Source data:

lemma contour_kernel_holomorphic:
  "contour_kernel z l holomorphic_on {w. cos (complex_of_real pi * w) \<noteq> 0 \<and> z\<^sup>2 - w\<^sup>2 \<noteq> 0}"
  unfolding contour_kernel_eq_quotient by (intro holomorphic_intros) auto

lemma continuous_on_contour_kernel_vertical:
  assumes "0 < c" "cos (pi * c) \<noteq> 0" "0 < Re z" "Re z \<noteq> c"
  shows "continuous_on UNIV (\<lambda>p::real \<times> real. contour_kernel z (fst p) (Complex c (snd p)))"
proof -
  have "z\<^sup>2 - (Complex c t)\<^sup>2 \<noteq> 0" for t
    using assms by (intro power2_diff_neq_0_right_half_plane) auto
  then show ?thesis
    unfolding contour_kernel_def
    by (intro continuous_intros) (use cos_pi_Complex_neq_0[OF assms(2)] in auto)
qed

lemma norm_contour_kernel_vertical_le:
  assumes "0 < c" "cos (pi * c) \<noteq> 0" "0 < Re z" "Re z \<noteq> c"
  defines "M \<equiv> 2 / \<bar>Re z - c\<bar> + 2 * norm z / (\<bar>Re z - c\<bar> * (Re z + c))"
  shows "norm (contour_kernel z l (Complex c t)) \<le>
     norm (cos (complex_of_real pi * z)) * (2 / \<bar>cos (pi * c)\<bar>) * M * exp (- l * c) * exp (- pi * \<bar>t\<bar>)"
proof -
  let ?w = "Complex c t"
  have pos: "0 < \<bar>cos (pi * c)\<bar> * (exp (pi * \<bar>t\<bar>) / 2)" using assms(2) by simp
  have "1 / norm (cos (complex_of_real pi * ?w)) \<le> 1 / (\<bar>cos (pi * c)\<bar> * (exp (pi * \<bar>t\<bar>) / 2))"
    by (rule frac_le; use norm_cos_pi_vertical_ge[of c t] pos in linarith)
  also have "\<dots> = (2 / \<bar>cos (pi * c)\<bar>) * exp (- pi * \<bar>t\<bar>)"
    by (simp add: exp_minus field_simps)
  finally have inv: "1 / norm (cos (complex_of_real pi * ?w)) \<le> (2 / \<bar>cos (pi * c)\<bar>) * exp (- pi * \<bar>t\<bar>)" .
  have r: "norm (2 * ?w / (z\<^sup>2 - ?w\<^sup>2)) \<le> M"
    unfolding M_def by (rule norm_two_mult_div_power2_diff_le) (use assms in auto)
  have "norm (contour_kernel z l ?w) = norm (cos (complex_of_real pi * z))
      * (1 / norm (cos (complex_of_real pi * ?w))) * norm (2 * ?w / (z\<^sup>2 - ?w\<^sup>2)) * exp (- l * c)"
    unfolding contour_kernel_def by (simp add: norm_mult norm_divide)
  also have "\<dots> \<le> norm (cos (complex_of_real pi * z)) * ((2 / \<bar>cos (pi * c)\<bar>) * exp (- pi * \<bar>t\<bar>))
      * M * exp (- l * c)"
    by (intro mult_right_mono mult_mono mult_left_mono inv r) auto
  finally show ?thesis by (simp add: algebra_simps)
qed

lemma integrable_contour_kernel_vertical:
  assumes "0 < c" "cos (pi * c) \<noteq> 0" "0 < Re z" "Re z \<noteq> c"
  shows "integrable lborel (\<lambda>t. contour_kernel z l (Complex c t))"
proof (rule Bochner_Integration.integrable_bound)
  let ?K = "norm (cos (complex_of_real pi * z)) * (2 / \<bar>cos (pi * c)\<bar>) *
      (2 / \<bar>Re z - c\<bar> + 2 * norm z / (\<bar>Re z - c\<bar> * (Re z + c))) * exp (- l * c)"
  show "integrable lborel (\<lambda>t. ?K * exp (- pi * \<bar>t\<bar>))"
    using integrable_exp_neg_abs[of pi] by simp
  have "continuous_on UNIV (\<lambda>t. contour_kernel z (fst (l, t)) (Complex c (snd (l, t))))"
    by (rule continuous_on_compose2[OF continuous_on_contour_kernel_vertical[OF assms]])
      (auto intro: continuous_intros)
  then show "(\<lambda>t. contour_kernel z l (Complex c t)) \<in> borel_measurable lborel"
    using borel_measurable_continuous_onI by simp
  have "0 \<le> 2 / \<bar>Re z - c\<bar> + 2 * norm z / (\<bar>Re z - c\<bar> * (Re z + c))"
    using assms by (intro add_nonneg_nonneg divide_nonneg_nonneg mult_nonneg_nonneg) auto
  then have K0: "?K \<ge> 0" by (intro mult_nonneg_nonneg) auto
  have "norm (?K * exp (- pi * \<bar>t\<bar>)) = ?K * exp (- pi * \<bar>t\<bar>)" for t
    unfolding real_norm_def using mult_nonneg_nonneg[OF K0 exp_ge_zero] by (rule abs_of_nonneg)
  then show "AE t in lborel. norm (contour_kernel z l (Complex c t)) \<le> norm (?K * exp (- pi * \<bar>t\<bar>))"
    using norm_contour_kernel_vertical_le[OF assms] by (intro AE_I2) presburger
qed

lemma norm_contour_kernel_horizontal_le:
  assumes "\<bar>Im w\<bar> = T" "\<bar>Im z\<bar> < T" "0 \<le> Re w" "Re w \<le> R" "0 \<le> l"
  shows "norm (contour_kernel z l w) \<le>
    norm (cos (complex_of_real pi * z)) / sinh (pi * T) * (2 * (R + T) / (T - \<bar>Im z\<bar>)\<^sup>2)"
proof -
  define d where "d = T - \<bar>Im z\<bar>"
  have d: "d > 0" and T: "T > 0" using assms(2) by (simp_all add: d_def)
  have "sinh (pi * T) = \<bar>sinh (Im (complex_of_real pi * w))\<bar>"
    using assms(1) by (simp add: abs_mult flip: sinh_real_abs)
  also have "\<dots> \<le> norm (cos (complex_of_real pi * w))" by (rule norm_cos_ge_abs_sinh_Im)
  finally have c: "sinh (pi * T) \<le> norm (cos (complex_of_real pi * w))" .
  have "d \<le> norm (z - w)" "d \<le> norm (z + w)"
    using abs_Im_le_cmod[of "z - w"] abs_Im_le_cmod[of "z + w"] assms(1) unfolding d_def by simp_all
  moreover have "norm (2 * w) \<le> 2 * (R + T)"
    using cmod_le[of w] assms by simp
  moreover have "z\<^sup>2 - w\<^sup>2 = (z - w) * (z + w)" by (simp add: power2_eq_square algebra_simps)
  ultimately have r: "norm (2 * w / (z\<^sup>2 - w\<^sup>2)) \<le> 2 * (R + T) / (d * d)"
    using d T assms(3,4) by (simp only: norm_divide norm_mult) (intro frac_le mult_mono; simp)
  have "0 < sinh (pi * T)" using T by simp
  with c have i: "norm (cos (complex_of_real pi * z)) / norm (cos (complex_of_real pi * w))
      \<le> norm (cos (complex_of_real pi * z)) / sinh (pi * T)"
    by (intro divide_left_mono mult_pos_pos) auto
  have "norm (contour_kernel z l w) = norm (cos (complex_of_real pi * z)) / norm (cos (complex_of_real pi * w))
      * norm (2 * w / (z\<^sup>2 - w\<^sup>2)) * norm (exp (- (complex_of_real l * w)))"
    unfolding contour_kernel_def by (simp add: norm_mult norm_divide)
  also have "\<dots> \<le> norm (cos (complex_of_real pi * z)) / sinh (pi * T) * (2 * (R + T) / (d * d)) * 1"
    using T d assms(3,4,5) \<open>0 < sinh (pi * T)\<close>
    by (intro mult_mono i r) (auto intro: divide_nonneg_pos)
  finally show ?thesis unfolding d_def by (simp add: power2_eq_square)
qed

lemma norm_contour_integral_horizontal_le:
  assumes "0 \<le> l" "0 \<le> xl" "\<bar>Im z\<bar> < T" "\<bar>y\<bar> = T"
    and "Im a = y" "Im b = y" "Re a \<in> {xl..xr}" "Re b \<in> {xl..xr}"
    and "contour_kernel z l contour_integrable_on linepath a b"
  shows "norm (contour_integral (linepath a b) (contour_kernel z l)) \<le>
     norm (cos (complex_of_real pi * z)) / sinh (pi * T) * (2 * (xr + T) / (T - \<bar>Im z\<bar>)\<^sup>2) * norm (b - a)"
proof (rule contour_integral_bound_linepath[OF assms(9)])
  have "T > 0" using assms(3) by linarith
  then show "0 \<le> norm (cos (complex_of_real pi * z)) / sinh (pi * T) * (2 * (xr + T) / (T - \<bar>Im z\<bar>)\<^sup>2)"
    using assms by (intro mult_nonneg_nonneg divide_nonneg_nonneg) auto
  fix w assume "w \<in> closed_segment a b"
  then have "Im w = y" "Re w \<in> closed_segment (Re a) (Re b)"
    using assms by (auto simp: closed_segment_same_Im)
  then have "Im w = y" "xl \<le> Re w" "Re w \<le> xr"
    using assms by (auto simp: closed_segment_eq_real_ivl split: if_splits)
  then show "norm (contour_kernel z l w) \<le>
      norm (cos (complex_of_real pi * z)) / sinh (pi * T) * (2 * (xr + T) / (T - \<bar>Im z\<bar>)\<^sup>2)"
    using assms by (intro norm_contour_kernel_horizontal_le) auto
qed

lemma residue_contour_kernel_simple_pole:
  assumes "cos (complex_of_real pi * z) * a * exp (- (complex_of_real l * a)) \<noteq> 0"
    and "cos (complex_of_real pi * a) * (z\<^sup>2 - a\<^sup>2) = 0"
    and "D = - (complex_of_real pi * sin (complex_of_real pi * a)) * (z\<^sup>2 - a\<^sup>2)
        - 2 * a * cos (complex_of_real pi * a)" "D \<noteq> 0"
  shows "residue (contour_kernel z l) a = cos (complex_of_real pi * z) * (2 * a) * exp (- (complex_of_real l * a)) / D"
  unfolding contour_kernel_eq_quotient
proof (rule residue_simple_pole_deriv[where s=UNIV])
  show "((\<lambda>w. cos (complex_of_real pi * w) * (z\<^sup>2 - w\<^sup>2)) has_field_derivative D) (at a)"
    unfolding assms(3) by (auto intro!: derivative_eq_intros simp: power2_eq_square algebra_simps)
qed (use assms in \<open>auto intro!: holomorphic_intros\<close>)

lemma residue_contour_kernel_at_z:
  assumes "cos (complex_of_real pi * z) \<noteq> 0" "z \<noteq> 0"
  shows "residue (contour_kernel z l) z = - exp (- (complex_of_real l * z))"
proof -
  have "residue (contour_kernel z l) z = cos (complex_of_real pi * z) * (2 * z) * exp (- (complex_of_real l * z))
      / (- 2 * z * cos (complex_of_real pi * z))"
    by (rule residue_contour_kernel_simple_pole) (use assms in auto)
  then show ?thesis using assms by (simp add: field_simps)
qed

text \<open>The poles \<open>\<pm>(m - 1/2)\<close> of \<open>1/cos \<pi>w\<close> correspond to the terms \<open>n = m\<close> and
  \<open>n = 1 - m\<close> of \<open>K(\<lambda>, z)\<close>; only \<open>m - 1/2\<close> lies in the right half plane, and its residue
  accounts for both.\<close>

lemma K_term_pair_half_integer:
  fixes l :: real and z :: complex and m :: nat
  assumes "1 \<le> m" "z \<noteq> of_nat m - 1/2" "z \<noteq> 1/2 - of_nat m"
  defines "E \<equiv> complex_of_real (exp (- l * (real m - 1/2)))"
  shows "K_term l z (int m) + K_term l z (1 - int m)
    = cos (complex_of_real pi * z) / (z - (of_nat m - 1/2)) / complex_of_real pi * (-1) ^ m * E
      + cos (complex_of_real pi * z) / (z + (of_nat m - 1/2)) / complex_of_real pi * (- ((-1) ^ m)) * E"
proof -
  have "\<bar>real_of_int (int m) - 1/2\<bar> = real m - 1/2" "\<bar>real_of_int (1 - int m) - 1/2\<bar> = real m - 1/2"
    using assms(1) by simp_all
  moreover have "(-1::complex) powi (1 - int m) = - ((-1) ^ m)"
    by (cases "even m") (simp_all add: power_int_diff power_int_of_nat)
  ultimately show ?thesis using assms(2,3)
    unfolding K_term_def Let_def E_def by (simp add: power_int_of_nat diff_eq_eq)
qed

== BRIEF ==
Reproduce, character for character, only the lines of the preceding data that start at the line with "proof (rule residue_simple_pole_deriv[where" and end at the line with "qed (use assms", both included.

== WRITTEN RESPONSE ==
proof (rule residue_simple_pole_deriv[where s=UNIV])
  show "((\<lambda>w. cos (complex_of_real pi * w) * (z\<^sup>2 - w\<^sup>2)) has_field_derivative D) (at a)"
    unfolding assms(3) by (auto intro!: derivative_eq_intros simp: power2_eq_square algebra_simps)
qed (use assms in \<open>auto intro!: holomorphic_intros\<close>)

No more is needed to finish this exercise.